可是看著近在眼前的戒指,想到池敘期待的臉。


 


我咬咬牙,努力去摸。


 


池敘對我好,我理應也要對池敘好。


 


可我高估了自己的適應能力。


 


在摸到戒指爬上岸的時候,我頭暈目眩,一頭就往下栽。


 


就在我擔心會不會摔個頭破血流時,突然落進了一個結實有力的懷抱。


 


「九點了,

小然,你食言了。」


 


熟悉的聲音近乎在嘆息。


 


「不顧生命也要去湖裡,你真就這麼喜歡他嗎……」


 


10


 


好消息,我還活著。


 


壞消息,戒指不翼而飛了。


 


當我焦急詢問池敘的時候,男人淡定搖了搖頭。


 


「小然,很遺憾,我並沒有看見那枚戒指。」


 


「別想交給池嶼了,它已經被鯊魚據為己有了。」


 


人工湖怎麼會有鯊魚呢?


 


我還要說話。


 


池敘卻將我緊緊抱住了。


 


「安小然,你知道昨天情況有多危險嗎?那麼晚,天那麼黑,我不敢想,如果我晚來一點點…….」


 


「小然,可以想想我嗎?你如果出了事,

你又要我怎麼活呢?」


 


一夜未睡,他聲音很啞。


 


我鼻子一酸,眼淚愧疚的噼裡啪啦掉。


 


「對不起,阿敘,讓你擔心了。

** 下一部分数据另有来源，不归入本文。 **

(* Let $h>0$, $K>0$, $g\in C^1(\mathbb{R}_+,\mathbb{R}_+)$ with $g(0)=0$, $g(K)=K$ and $g'(0+)=p>1$, and let $\psi$ be a nonnegative solution of $x'(t)=-x(t)+g(x(t-h))$ on $\mathbb{R}$ with $\psi(-\infty)=0$, $\psi(+\infty)=K$. Let $\lambda$ be the positive root of $z=-1+pe^{-zh}$. If the finite limit $g''(0+)$ exists, then for each $\delta>0$ there is $t_0\in\mathbb{R}$ such that, as $t\to-\infty$, $$\psi(t-t_0)=e^{\lambda t}+O(e^{(2\lambda-\delta)t}),\qquad \psi'(t-t_0)=\lambda e^{\lambda t}+O(e^{(2\lambda-\delta)t}),$$ and hence $\psi'>0$ on some semi-axis $(-\infty,T]$. Moreover, if $g''$ exists and is bounded on $[0,\epsilon)$ for some $\epsilon>0$, then such a solution $\psi$ is unique up to a translation in $t$. *)

theory Defs
  imports "HOL-Analysis.Analysis" "HOL-Library.Landau_Symbols"
begin

definition connecting_solution ::
  "(real \<Rightarrow> real) \<Rightarrow> real \<Rightarrow> real \<Rightarrow> (real \<Rightarrow> real) \<Rightarrow> bool" where
  "connecting_solution g h K \<psi> \<longleftrightarrow>
     (\<forall>t. \<psi> t \<ge> 0) \<and>
     (\<forall>t. (\<psi> has_real_derivative (- \<psi> t + g (\<psi> (t - h)))) (at t)) \<and>
     (\<psi> \<longlongrightarrow> 0) at_bot \<and>
     (\<psi> \<longlongrightarrow> K) at_top"

end

theory Submission
  imports Defs
begin

text \<open>
  Write \<open>\<psi> t = exp (lam t) u t\<close>. Since \<open>lam\<close> solves \<open>p exp (- lam h) = 1 + lam\<close>, the
  profile \<open>u\<close> satisfies \<open>u' t = (1 + lam) (u (t - h) - u t) + f t\<close>, where the forcing \<open>f\<close> is
  \<open>O (\<psi> (t - h)\<^sup>2 exp (- lam t))\<close> as soon as \<open>g'\<close> is Lipschitz at \<open>0\<close>; each of the two hypotheses
  on \<open>g''\<close> is used only to ensure this. The function \<open>u t + (1 + lam) \<integral>\<^sub>t\<^sub>-\<^sub>h\<^sup>t u\<close> has derivative
  \<open>f\<close>; comparing it across one delay shows first that \<open>u\<close> grows at most like \<open>exp (- lam t / 4)\<close>
  and then that \<open>u\<close> is bounded near \<open>-\<infinity>\<close>, so \<open>f = O (exp (lam t))\<close>. The delay term then
  contracts the oscillation of \<open>u\<close> on consecutive windows of length \<open>h\<close> by a fixed factor, whence
  \<open>u' = O (exp (lam t))\<close> and \<open>u t = c + O (exp (lam t))\<close>. Thus
  \<open>\<psi> t = c exp (lam t) + O (exp (2 lam t))\<close>, and the equation gives the corresponding expansion
  of \<open>\<psi>'\<close>; the error is in fact \<open>O (exp (2 lam t))\<close>, without the loss \<open>\<delta>\<close>.

  Two nonnegative solutions tending to \<open>0\<close> at \<open>-\<infinity>\<close> whose difference is \<open>O (exp (2 lam t))\<close>
  coincide: the difference solves a linear delay equation with a perturbation that is small near
  \<open>-\<infinity>\<close>, and in the norm weighted by \<open>exp (- 2 lam t)\<close> this equation is a contraction on
  \<open>]-\<infinity>, T]\<close>; so the difference vanishes there, and everywhere by the method of steps.
  Comparing \<open>\<psi>\<close> with the zero solution gives \<open>c > 0\<close>; comparing a second front with the
  translate of \<open>\<psi>\<close> that has the same leading coefficient gives uniqueness up to translation.
\<close>

section \<open>Exponential weights and the method of steps\<close>

lemma tendsto_mult_exp_at_bot:
  fixes lam A :: real
  assumes "lam > 0"
  shows "((\<lambda>t. A * exp (lam * t)) \<longlongrightarrow> 0) at_bot"
proof -
  have "((\<lambda>t. A * exp (lam * t)) \<longlongrightarrow> A * 0) at_bot"
    by (intro tendsto_mult tendsto_const filterlim_compose[OF exp_at_bot]
        filterlim_tendsto_pos_mult_at_bot[OF tendsto_const assms filterlim_ident])
  then show ?thesis by simp
qed

lemma eventually_mult_exp_less_at_bot:
  fixes lam A \<epsilon> :: real
  assumes "lam > 0" "\<epsilon> > 0"
  shows "eventually (\<lambda>t. A * exp (lam * t) < \<epsilon>) at_bot"
  using order_tendstoD(2)[OF tendsto_mult_exp_at_bot] assms by blast

lemma nonneg_if_abs_le_mult_exp:
  fixes y G x :: real
  assumes "\<bar>y\<bar> \<le> G * exp x"
  shows "G \<ge> 0"
proof -
  have "0 \<le> G * exp x"
    using assms abs_ge_zero[of y] by linarith
  then show ?thesis
    by (simp add: zero_le_mult_iff)
qed

lemma exists_antiderivative:
  fixes u :: "real \<Rightarrow> real"
  assumes "continuous_on UNIV u"
  shows "\<exists>U. \<forall>t. (U has_real_derivative u t) (at t)"
proof -
  have "\<exists>U. \<forall>t::real. - \<infinity> < t \<longrightarrow> t < \<infinity> \<longrightarrow> (U has_vector_derivative u t) (at t)"
    by (rule einterval_antiderivative) (use assms in \<open>auto simp: continuous_on_eq_continuous_at\<close>)
  then show ?thesis
    by (simp add: has_real_derivative_iff_has_vector_derivative)
qed

lemma delay_solutions_agree_step:
  fixes x y g :: "real \<Rightarrow> real"
  assumes dx: "\<And>t. (x has_real_derivative (- x t + g (x (t - h)))) (at t)"
    and dy: "\<And>t. (y has_real_derivative (- y t + g (y (t - h)))) (at t)"
    and eq: "\<And>t. t \<le> T \<Longrightarrow> x t = y t"
    and t: "t \<le> T + h"
  shows "x t = y t"
proof (cases "t \<le> T")
  case False
  define d where "d \<tau> = (x \<tau> - y \<tau>) * exp \<tau>" for \<tau>
  have d_deriv: "(d has_real_derivative (g (x (\<tau> - h)) - g (y (\<tau> - h))) * exp \<tau>) (at \<tau>)" for \<tau>
    unfolding d_def
    by (rule derivative_eq_intros refl dx dy | simp add: algebra_simps)+
  have "d t = d T"
  proof (rule DERIV_isconst2[of T t])
    show "continuous_on {T..t} d"
      using d_deriv by (meson DERIV_continuous continuous_at_imp_continuous_on)
    show "DERIV d \<tau> :> 0" if "T < \<tau>" "\<tau> < t" for \<tau>
      using d_deriv[of \<tau>] eq[of "\<tau> - h"] that t by simp
  qed (use False in auto)
  then show ?thesis using eq[of T] by (simp add: d_def)
qed (use eq in simp)

lemma delay_solutions_agree:
  fixes x y g :: "real \<Rightarrow> real"
  assumes h: "h > 0"
    and dx: "\<And>t. (x has_real_derivative (- x t + g (x (t - h)))) (at t)"
    and dy: "\<And>t. (y has_real_derivative (- y t + g (y (t - h)))) (at t)"
    and eq: "\<And>t. t \<le> T \<Longrightarrow> x t = y t"
  shows "x = y"
proof
  fix t
  have "\<forall>t \<le> T + real n * h. x t = y t" for n
  proof (induction n)
    case (Suc n)
    then show ?case
      using delay_solutions_agree_step[OF dx dy, of "T + real n * h"] by (simp add: algebra_simps)
  qed (use eq in simp)
  moreover obtain n :: nat where "(t - T) / h \<le> real n"
    using real_arch_simple by blast
  ultimately show "x t = y t"
    using h by (simp add: field_simps)
qed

」


 


池敘是很好哄的。


 


以前,多說幾句好話,認真認錯,再多獻上幾個親親。


 


男人的氣基本就消了大半。


 


可這次,池敘卻始終不為所動。


 


出院一周後,他第七次拒絕我的晚安吻。


 


我才後知後覺,池敘這次真的生氣了。


 


分明依舊同床共枕,可池敘卻是背著我睡的。


 


分明依舊溫柔細心,可池敘卻有意避開我的親近。


 


日常吃飯,他不僅從我的身旁坐到了對面。


 


就連偷穿他最喜歡的制服。


 


這人短暫愕然後,也是無動於衷。


 


「小然,

乖,好好睡覺…..」


 


我裹緊被子,又羞又難堪,眼淚不由自主落下來。


 


夜裡,迷迷糊糊中,我又聽見池敘去洗澡的聲音。


 


一小時後。


 


男人帶著微涼的水汽躺回床上。


 


他俯身吻幹我的淚痕,輕輕嘆息。